* [Task statement]
Report each line of the listing below that holds "Hset".

* [Information given]

____

(* A finite-dimensional evolution algebra with structure matrix W is simple iff A^2 = A, i.e. the
   map x |-> W x is onto, and its graph (an edge i -> k when e_k occurs in e_i e_i) is strongly
   connected.  For the tensor product, A^2 is the tensor product of the factors' squares and the
   graph is the product of the two graphs, so only strong connectivity needs work.  A nonzero
   diagonal space forces a loop in one factor, which then has paths of every sufficiently large
   length between any two vertices; in the other factor every vertex lies on a cycle, so paths of
   arbitrarily large length exist.  Hence both factors admit paths of one common length, and these
   combine into a path of the product graph. *)

interpretation escale: vector_space "escale :: 'k::field \<Rightarrow> ('i \<Rightarrow> 'k) \<Rightarrow> 'i \<Rightarrow> 'k"
  by unfold_locales (auto simp: escale_def fun_eq_iff algebra_simps)

lemma sum_fun_apply: "sum f A x = (\<Sum>a\<in>A. f a x)"
  by (induction A rule: infinite_finite_induct) auto

lemma ebasis_neq_zero: "ebasis i \<noteq> (0 :: 'i \<Rightarrow> 'k::field)"
  by (auto simp: ebasis_def fun_eq_iff)

lemma sum_escale_ebasis: "(\<Sum>i\<in>UNIV. escale (x i) (ebasis i)) = (x :: 'i::finite \<Rightarrow> 'k::field)"
  by (simp add: fun_eq_iff escale_def ebasis_def sum_fun_apply if_distrib cong: if_cong)

lemma escale_subspace_eq_UNIV:
  fixes S :: "('i::finite \<Rightarrow> 'k::field) set"
  assumes "escale.subspace S" and "\<And>i. ebasis i \<in> S"
  shows "S = UNIV"
proof -
  have "(\<Sum>i\<in>UNIV. escale (x i) (ebasis i)) \<in> S" for x
    by (intro escale.subspace_sum[OF assms(1)] escale.subspace_scale[OF assms(1) assms(2)])
  then show ?thesis by (metis UNIV_eq_I sum_escale_ebasis)
qed

lemma escale_dim_zero: "escale.dim {0 :: 'i \<Rightarrow> 'k::field} = 0"
  using escale.dim_le_card[of "{0}" "{}"] by (simp add: escale.span_zero)

lemma evmul_commute: "evmul W x y = evmul W y x"
  by (simp add: evmul_def mult.commute)
lemma level_eq:
  assumes "\<forall>i\<le>m. \<forall>j\<le>m. i \<noteq> j \<longrightarrow> Sp i \<inter> Sp j = {}" "s \<in> Sp j" "j \<le> m"
  shows "level Sp m s = j"
  unfolding level_def using assms by (intro the_equality) blast+

lemma
  assumes "equiv_partition S E fin fail Sp m"
  shows equiv_partition_disjoint: "\<forall>i\<le>m. \<forall>j\<le>m. i \<noteq> j \<longrightarrow> Sp i \<inter> Sp j = {}"
    and equiv_partition_cover: "(\<Union>i \<le> m. Sp i) = S"
    and equiv_partition_fail: "Sp 0 = {fail}"
    and equiv_partition_fin: "Sp m = {fin}"
    and equiv_partition_succs: "j \<le> m \<Longrightarrow> u \<in> Sp j \<Longrightarrow>
          (\<exists>i k. i < j \<and> j < k \<and> k \<le> m \<and> succs E u \<inter> Sp i \<noteq> {} \<and> succs E u \<inter> Sp k \<noteq> {})
          \<or> succs E u \<subseteq> Sp j"
  using assms unfolding equiv_partition_def by blast+

lemma equiv_partition_pos:
  assumes "tpmc S E fin fail" "equiv_partition S E fin fail Sp m"
  shows "0 < m"
  using equiv_partition_fail[OF assms(2)] equiv_partition_fin[OF assms(2)] assms(1)
  by (cases m) (auto simp: tpmc_def)

lemma equiv_partition_harmonic_valuation:
  assumes tp: "tpmc S E fin fail"
    and two_succs: "\<forall>s \<in> S - {fin, fail}. card (succs E s) = 2"
    and part: "equiv_partition S E fin fail Sp m"
  shows "\<exists>val. graph_preserving S E fin fail val
           \<and> harmonic S E fin fail val (\<lambda>s. real (level Sp m s) / real m)"
proof -
  define f where "f s = real (level Sp m s) / real m" for s
  have f: "f s = real j / real m" if "s \<in> Sp j" "j \<le> m" for s j
    using level_eq[OF equiv_partition_disjoint[OF part] that] by (simp add: f_def)
  have "0 < m" using equiv_partition_pos[OF tp part] .
  have "\<exists>w. (\<forall>t\<in>succs E u. 0 < w t) \<and> sum w (succs E u) = 1 \<and> (\<Sum>t\<in>succs E u. w t * f t) = f u"
    if u: "u \<in> S - {fin, fail}" for u
  proof (rule exists_weights_with_mean)
    show "card (succs E u) = 2" using two_succs u by blast
    obtain j where j: "j \<le> m" "u \<in> Sp j" using equiv_partition_cover[OF part] u by blast
    from equiv_partition_succs[OF part j]
    show "(\<exists>a\<in>succs E u. \<exists>b\<in>succs E u. f a < f u \<and> f u < f b) \<or> (\<forall>t\<in>succs E u. f t = f u)"
    proof
      assume "\<exists>i k. i < j \<and> j < k \<and> k \<le> m \<and> succs E u \<inter> Sp i \<noteq> {} \<and> succs E u \<inter> Sp k \<noteq> {}"
      then obtain i k a b where "i < j" "j < k" "k \<le> m" "a \<in> succs E u" "a \<in> Sp i"
        "b \<in> succs E u" "b \<in> Sp k"
        by blast
      moreover from this have "f a < f u" "f u < f b"
        using f j \<open>0 < m\<close> by (simp_all add: divide_strict_right_mono)
      ultimately show ?thesis by blast
    next
      assume "succs E u \<subseteq> Sp j"
      then show ?thesis using f j by auto
    qed
  qed
  then obtain val where "\<forall>u\<in>S - {fin, fail}. (\<forall>t\<in>succs E u. 0 < val u t)
      \<and> sum (val u) (succs E u) = 1 \<and> (\<Sum>t\<in>succs E u. val u t * f t) = f u"
    by metis
  then show ?thesis unfolding f_def graph_preserving_def harmonic_def by blast
qed
(* Let $r\geq 3$ and let $G_1$ be the pan graph with vertex set $\{u_0,u_1,\dots,u_r\}$ and edge set $$E(G_1)=\{u_0u_r,\ u_1u_2,\ u_{r-1}u_r\}\cup\{u_ju_{j+2}: 1\le j\le r-2\}$$ (so $u_1,\dots,u_r$ span a cycle of length $r$ and $u_0$ is a pendant vertex attached to $u_r$). Let $H_0,H_1,\dots,H_r$ be connected graphs, each with at least two vertices, with $n_i=|V(H_i)|$, ordered so that $n_0\le n_1\le\dots\le n_r$. Let $\Gamma=G_1\diamond(H_0,H_1,\dots,H_r)$ be the generalized edge corona in which every vertex of $H_0$ is joined to $u_0$ and $u_r$, every vertex of $H_1$ is joined to $u_1$ and $u_2$, for each $j\in\{1,\dots,r-2\}$ every vertex of $H_{j+1}$ is joined to $u_j$ and $u_{j+2}$, and every vertex of $H_r$ is joined to $u_{r-1}$ and $u_r$. Suppose that (a) $\Delta(H_0)<\delta(H_1)$; (b) $\Delta(H_i)\le\delta(H_{i+1})$ for all $i\in\{1,\dots,r-1\}$; (c) $d'(u_0)\le\delta'(H_i)$ for all $i\in\{0,1,\dots,r\}$; (d) $\Delta'(H_r)\le d'(u_1)$. Then $\Gamma$ is antimagic.
   Context: All graphs are simple and undirected. A graph $G$ is antimagic if there is a bijection $f:E(G)\to\{1,2,\dots,|E(G)|\}$ such that the vertex sums $w(v)=\sum_{e\ni v}f(e)$ are pairwise distinct over all vertices $v$. For a graph $G$ with $m$ edges $e_1,\dots,e_m$ and graphs $H_1,\dots,H_m$, the generalized edge corona $G\diamond(H_1,\dots,H_m)$ is obtained from disjoint copies of $G,H_1,\dots,H_m$ by joining both end vertices of $e_i$ to every vertex of $H_i$, for each $i$. $\Delta(H)$ and $\delta(H)$ denote the maximum and minimum degree of $H$ itself. For a vertex $v$ of $\Gamma$, $d'(v)$ denotes its degree in $\Gamma$; $\Delta'(H_i)$ and $\delta'(H_i)$ denote the maximum and minimum of $d'(v)$ over $v\in V(H_i)$ (so $d'(v)=\deg_{H_i}(v)+2$ for $v\in V(H_i)$). *)

theory Defs
  imports Main
begin

definition simple_graph :: "'a set \<Rightarrow> 'a set set \<Rightarrow> bool" where
  "simple_graph V E \<longleftrightarrow> finite V \<and> (\<forall>e\<in>E. e \<subseteq> V \<and> card e = 2)"
(* Under the standing assumptions below, for every $x\in\mathcal X$, $s\in\mathcal S$ and $\gamma\in\mathbb R^I_+$, the dual value function satisfies $$D(\gamma,x,s)=\inf_{\lambda\in\mathbb R^I_+}\ \sup_{a\in\tilde{\mathcal A}(x,s)}\Big[r(x,a,s)+\sum_{i=1}^I\big(\gamma^ig^i(x,a,s)+\lambda^i(g^i(x,a,s)-\bar g^i)\big)+\beta\,\mathbb E_s D(\gamma+\lambda,x',s')\Big],$$ where $x'=\zeta(x,a,s)$ and $\mathbb E_s$ is expectation over $s'\sim\pi(\cdot|s)$.
   Context: Setup. Let $\mathcal S$ be a finite set and $(s_t)_{t\ge0}$ a Markov chain on $\mathcal S$ with transition probabilities $\pi(s'|s)>0$ for all $s,s'\in\mathcal S$; for a shock history $s^t=(s_0,\dots,s_t)\in\mathcal S^{t+1}$ write $\pi^t(s^t|s_0)$ for its probability given $s_0$, and $\mathbb E_{s_t}$ (equivalently $\mathbb E_{s^t}$) for expectation over future shocks conditional on the history $s^t$. Let $\mathcal A\subset\mathbb R^n$ be a finite set, $\mathcal X\subseteq\mathbb R^m$ a countable set, $\zeta:\mathcal X\times\mathcal A\times\mathcal S\to\mathcal X$, $p:\mathcal X\times\mathcal A\times\mathcal S\to\mathbb R$, $r,g^1,\dots,g^I:\mathcal X\times\mathcal A\times\mathcal S\to\mathbb R$ bounded functions, $\bar g^1,\dots,\bar g^I\in\mathbb R$ constants and $\beta\in(0,1)$. A plan is a family $a=(a(s^t))_{t\ge0,\,s^t\in\mathcal S^{t+1}}$ with $a(s^t)\in\mathcal A$; given $x_0\in\mathcal X$ it induces states $x(s^0)=x_0$, $x(s^{t+1})=\zeta(x(s^t),a(s^t),s_t)$. Let $\tilde{\mathcal A}(x,s)=\{a\in\mathcal A:p(x,a,s)\ge0\}$ and let $\tilde{\mathcal A}^\infty(x_0)$ be the set of plans with $a(s^t)\in\tilde{\mathcal A}(x(s^t),s_t)$ for all $t,s^t$. A plan is feasible for $(x_0,s_0)$ if it lies in $\tilde{\mathcal A}^\infty(x_0)$ and satisfies the forward-looking constraints $\mathbb E_{s_t}\sum_{n=0}^\infty\beta^ng^i(x(s^{t+n}),a(s^{t+n}),s_{t+n})\ge\bar g^i$ for all $t$, $s^t$, $i$. Standing assumption: for every $x_0\in\mathcal X$, $s_0\in\mathcal S$ a feasible plan exists. Pre-action histories: $\mathcal H^t=\mathcal S^{t+1}\times\mathcal A^t$ with elements $h^t=(s_0,a_0,\dots,s_{t-1},a_{t-1},s_t)$; along $s^t$ a plan generates the history $h^t=(s_0,a(s^0),\dots,s_{t-1},a(s^{t-1}),s_t)$. Dual value function. $\Lambda$ is the set of families $(\lambda^i(h^t))_{t\ge0,h^t\in\mathcal H^t,1\le i\le I}$ with $\lambda^i(h^t)\ge0$ and $\sum_t\sum_{h^t}\sum_i\beta^t\lambda^i(h^t)\pi^t(s^t|s_0)<\infty$ ($s^t$ the shock history in $h^t$). For $\gamma\in\mathbb R^I_+$ the Lagrangian is $L(a,\lambda;\gamma,x_0,s_0)=\mathbb E_{s_0}\sum_{t\ge0}\beta^t\Big[r(x(s^t),a(s^t),s_t)+\sum_i\gamma^ig^i(x(s^t),a(s^t),s_t)+\sum_i\lambda^i(h^t)\Big(\sum_{n\ge0}\beta^ng^i(x(s^{t+n}),a(s^{t+n}),s_{t+n})-\bar g^i\Big)\Big]$, with $h^t$ the history generated by the plan, and $D(\gamma,x_0,s_0)=\inf_{\lambda\in\Lambda}\sup_{a\in\tilde{\mathcal A}^\infty(x_0)}L(a,\lambda;\gamma,x_0,s_0)$. *)

theory Defs
  imports "HOL-Analysis.Analysis"
begin

text \<open>Shock histories s^t = (s_0,...,s_t) are nonempty lists in chronological order.
  Transition matrix: P s s' = pi(s'|s).
  Constraint index set {1..I} is a finite type 'i.\<close>

primrec prob_path :: "('s \<Rightarrow> 's \<Rightarrow> real) \<Rightarrow> 's \<Rightarrow> 's list \<Rightarrow> real" where
  "prob_path P s [] = 1"
| "prob_path P s (s' # e) = P s s' * prob_path P s' e"

definition Eh :: "('s::finite \<Rightarrow> 's \<Rightarrow> real) \<Rightarrow> 's list \<Rightarrow> nat \<Rightarrow> ('s list \<Rightarrow> real) \<Rightarrow> real" where
  "Eh P h n f = (\<Sum>e\<in>{e::'s list. length e = n}. prob_path P (last h) e * f (h @ e))"

definition disc :: "real \<Rightarrow> ('s::finite \<Rightarrow> 's \<Rightarrow> real) \<Rightarrow> 's list \<Rightarrow> ('s list \<Rightarrow> real) \<Rightarrow> real" where
  "disc \<beta> P h f = (\<Sum>n. \<beta> ^ n * Eh P h n f)"

text \<open>State x(s^k) induced by plan a from x0: xst .. h k is the state at history take (k+1) h.\<close>
primrec xst :: "('x \<Rightarrow> 'a \<Rightarrow> 's \<Rightarrow> 'x) \<Rightarrow> ('s list \<Rightarrow> 'a) \<Rightarrow> 'x \<Rightarrow> 's list \<Rightarrow> nat \<Rightarrow> 'x" where
  "xst \<zeta> a x0 h 0 = x0"
| "xst \<zeta> a x0 h (Suc k) = \<zeta> (xst \<zeta> a x0 h k) (a (take (Suc k) h)) (h ! k)"

definition stateof :: "('x \<Rightarrow> 'a \<Rightarrow> 's \<Rightarrow> 'x) \<Rightarrow> ('s list \<Rightarrow> 'a) \<Rightarrow> 'x \<Rightarrow> 's list \<Rightarrow> 'x" where
  "stateof \<zeta> a x0 h = xst \<zeta> a x0 h (length h - 1)"

text \<open>Pre-action history h^t = (s_0,a_0,...,s_{t-1},a_{t-1},s_t) is encoded as
  ([(s_0,a_0),...,(s_{t-1},a_{t-1})], s_t).\<close>
definition histgen :: "('s list \<Rightarrow> 'a) \<Rightarrow> 's list \<Rightarrow> ('s \<times> 'a) list \<times> 's" where
  "histgen a h = (map (\<lambda>j. (h ! j, a (take (Suc j) h))) [0..<length h - 1], last h)"

definition Hset :: "'a set \<Rightarrow> nat \<Rightarrow> (('s \<times> 'a) list \<times> 's) set" where
  "Hset A t = {(q, s). length q = t \<and> (\<forall>y\<in>set q. snd y \<in> A)}"

definition shocks :: "('s \<times> 'a) list \<times> 's \<Rightarrow> 's list" where
  "shocks h = map fst (fst h) @ [snd h]"

definition histprob :: "('s \<Rightarrow> 's \<Rightarrow> real) \<Rightarrow> 's \<Rightarrow> 's list \<Rightarrow> real" where
  "histprob P s0 sh = (if hd sh = s0 then prob_path P s0 (tl sh) else 0)"

definition Lam :: "'a set \<Rightarrow> real \<Rightarrow> ('s \<Rightarrow> 's \<Rightarrow> real) \<Rightarrow> 's
    \<Rightarrow> ((('s \<times> 'a) list \<times> 's) \<Rightarrow> 'i::finite \<Rightarrow> real) set" where
  "Lam A \<beta> P s0 = {l. (\<forall>h i. 0 \<le> l h i) \<and>
      summable (\<lambda>t. \<Sum>h\<in>Hset A t. \<Sum>i\<in>UNIV. \<beta> ^ t * l h i * histprob P s0 (shocks h))}"

definition plans :: "'a set \<Rightarrow> ('x \<Rightarrow> 'a \<Rightarrow> 's \<Rightarrow> real) \<Rightarrow> ('x \<Rightarrow> 'a \<Rightarrow> 's \<Rightarrow> 'x) \<Rightarrow> 'x
    \<Rightarrow> ('s list \<Rightarrow> 'a) set" where
  "plans A p \<zeta> x0 = {a. \<forall>h. h \<noteq> [] \<longrightarrow>
      a h \<in> A \<and> 0 \<le> p (stateof \<zeta> a x0 h) (a h) (last h)}"

definition feasible :: "'a set \<Rightarrow> ('x \<Rightarrow> 'a \<Rightarrow> 's \<Rightarrow> real) \<Rightarrow> ('x \<Rightarrow> 'a \<Rightarrow> 's \<Rightarrow> 'x)
    \<Rightarrow> ('i \<Rightarrow> 'x \<Rightarrow> 'a \<Rightarrow> 's::finite \<Rightarrow> real) \<Rightarrow> ('i \<Rightarrow> real) \<Rightarrow> real \<Rightarrow> ('s \<Rightarrow> 's \<Rightarrow> real)
    \<Rightarrow> 'x \<Rightarrow> 's \<Rightarrow> ('s list \<Rightarrow> 'a) \<Rightarrow> bool" where
  "feasible A p \<zeta> g gbar \<beta> P x0 s0 a \<longleftrightarrow> a \<in> plans A p \<zeta> x0 \<and>
     (\<forall>h i. h \<noteq> [] \<and> hd h = s0 \<longrightarrow>
        gbar i \<le> disc \<beta> P h (\<lambda>h'. g i (stateof \<zeta> a x0 h') (a h') (last h')))"

definition Lag :: "('x \<Rightarrow> 'a \<Rightarrow> 's \<Rightarrow> real) \<Rightarrow> ('i::finite \<Rightarrow> 'x \<Rightarrow> 'a \<Rightarrow> 's::finite \<Rightarrow> real)
    \<Rightarrow> ('i \<Rightarrow> real) \<Rightarrow> ('x \<Rightarrow> 'a \<Rightarrow> 's \<Rightarrow> 'x) \<Rightarrow> real \<Rightarrow> ('s \<Rightarrow> 's \<Rightarrow> real)
    \<Rightarrow> ('s list \<Rightarrow> 'a) \<Rightarrow> ((('s \<times> 'a) list \<times> 's) \<Rightarrow> 'i \<Rightarrow> real) \<Rightarrow> ('i \<Rightarrow> real)
    \<Rightarrow> 'x \<Rightarrow> 's \<Rightarrow> real" where
  "Lag r g gbar \<zeta> \<beta> P a l \<gamma> x0 s0 =
     (\<Sum>t. \<beta> ^ t * Eh P [s0] t (\<lambda>h.
        r (stateof \<zeta> a x0 h) (a h) (last h)
        + (\<Sum>i\<in>UNIV. \<gamma> i * g i (stateof \<zeta> a x0 h) (a h) (last h))
        + (\<Sum>i\<in>UNIV. l (histgen a h) i *
             (disc \<beta> P h (\<lambda>h'. g i (stateof \<zeta> a x0 h') (a h') (last h')) - gbar i))))"

definition Dval :: "'a set \<Rightarrow> ('x \<Rightarrow> 'a \<Rightarrow> 's \<Rightarrow> real) \<Rightarrow> ('x \<Rightarrow> 'a \<Rightarrow> 's \<Rightarrow> real)
    \<Rightarrow> ('i::finite \<Rightarrow> 'x \<Rightarrow> 'a \<Rightarrow> 's::finite \<Rightarrow> real) \<Rightarrow> ('i \<Rightarrow> real) \<Rightarrow> ('x \<Rightarrow> 'a \<Rightarrow> 's \<Rightarrow> 'x)
    \<Rightarrow> real \<Rightarrow> ('s \<Rightarrow> 's \<Rightarrow> real) \<Rightarrow> ('i \<Rightarrow> real) \<Rightarrow> 'x \<Rightarrow> 's \<Rightarrow> real" where
  "Dval A p r g gbar \<zeta> \<beta> P \<gamma> x0 s0 =
     (INF l\<in>Lam A \<beta> P s0. SUP a\<in>plans A p \<zeta> x0. Lag r g gbar \<zeta> \<beta> P a l \<gamma> x0 s0)"

end

theory Submission
  imports Defs
begin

____

* [Your response]
definition Hset :: "'a set \<Rightarrow> nat \<Rightarrow> (('s \<times> 'a) list \<times> 's) set" where
  "Hset A t = {(q, s). length q = t \<and> (\<forall>y\<in>set q. snd y \<in> A)}"
      summable (\<lambda>t. \<Sum>h\<in>Hset A t. \<Sum>i\<in>UNIV. \<beta> ^ t * l h i * histprob P s0 (shocks h))}"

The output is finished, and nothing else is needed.